▶ [WORK REQUEST]:
The lines needed are those from the start of the records through the line holding "D) N) \<longleftrightarrow>", each copied exactly.

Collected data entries
== Segment start ==
lemma acyclic_contraction_deletion_iff:
  assumes om: "oriented_matroid E C" and indep: "\<forall>Y\<in>C. \<not> supp Y \<subseteq> N"
  shows "acyclic_om (contraction (deletion E C D) N) \<longleftrightarrow> (\<forall>Y\<in>C. supp Y \<inter> D = {} \<longrightarrow> \<not> snd Y \<subseteq> N)"
proof
  assume acyclic: "acyclic_om (contraction (deletion E C D) N)"
  define S where "S = {(fst Y - N, snd Y - N) | Y. Y \<in> deletion E C D \<and> supp Y - N \<noteq> {}}"
  have False if "Y \<in> C" "supp Y \<inter> D = {}" "snd Y \<subseteq> N" for Y
    using that
  proof (induction "card (supp Y - N)" arbitrary: Y rule: less_induct)
    case less
    let ?Z = "(fst Y - N, snd Y - N)"
    have "supp Y \<subseteq> E - D"
      using less.prems oriented_matroid_signed_subset(2)[OF om] by blast
    then have "?Z \<in> S"
      unfolding S_def deletion_def using less.prems(1) indep by blast
    moreover have "?Z \<notin> contraction (deletion E C D) N"
      using acyclic less.prems(3) unfolding acyclic_om_def by force
    ultimately obtain Z' where "Z' \<in> S" "supp Z' \<subset> supp ?Z"
      unfolding contraction_def Let_def S_def by blast
    then obtain W where "W \<in> deletion E C D" "Z' = (fst W - N, snd W - N)"
      unfolding S_def by blast
    moreover have "supp ?Z = supp Y - N" "supp Z' = supp W - N"
      unfolding supp_def \<open>Z' = (fst W - N, snd W - N)\<close> by auto
    ultimately have W: "W \<in> C" "supp W \<inter> D = {}" "supp W - N \<subset> supp Y - N"
      using \<open>supp Z' \<subset> supp ?Z\<close> unfolding deletion_def by auto
    then obtain Y' where Y': "Y' \<in> C" "snd Y' \<subseteq> N" "supp Y' \<subseteq> supp Y \<union> supp W"
        "supp Y' - N \<subset> supp Y - N"
      using shrink_positive_circuit[OF om less.prems(1,3)] by blast
    have "finite (supp Y - N)"
      using oriented_matroid_finite_supp[OF om less.prems(1)] by simp
    then have "card (supp Y' - N) < card (supp Y - N)"
      using Y'(4) by (rule psubset_card_mono)
    then show False
      using less.hyps Y' W(2) less.prems(2) by blast
  qed
  then show "\<forall>Y\<in>C. supp Y \<inter> D = {} \<longrightarrow> \<not> snd Y \<subseteq> N" by blast
next
  assume no_positive: "\<forall>Y\<in>C. supp Y \<inter> D = {} \<longrightarrow> \<not> snd Y \<subseteq> N"
  show "acyclic_om (contraction (deletion E C D) N)"
    unfolding acyclic_om_def
  proof
    assume "\<exists>Z\<in>contraction (deletion E C D) N. snd Z = {}"
    then obtain Z where "Z \<in> contraction (deletion E C D) N" "snd Z = {}" by blast
    then obtain Y where "Y \<in> C" "supp Y \<subseteq> E - D" "Z = (fst Y - N, snd Y - N)"
      unfolding contraction_def Let_def deletion_def by blast
    then show False
      using no_positive \<open>snd Z = {}\<close> by auto
  qed
qed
== Segment end ==
▶ [TASK ANSWER]:
lemma acyclic_contraction_deletion_iff:
  assumes om: "oriented_matroid E C" and indep: "\<forall>Y\<in>C. \<not> supp Y \<subseteq> N"
  shows "acyclic_om (contraction (deletion E C D) N) \<longleftrightarrow> (\<forall>Y\<in>C. supp Y \<inter> D = {} \<longrightarrow> \<not> snd Y \<subseteq> N)"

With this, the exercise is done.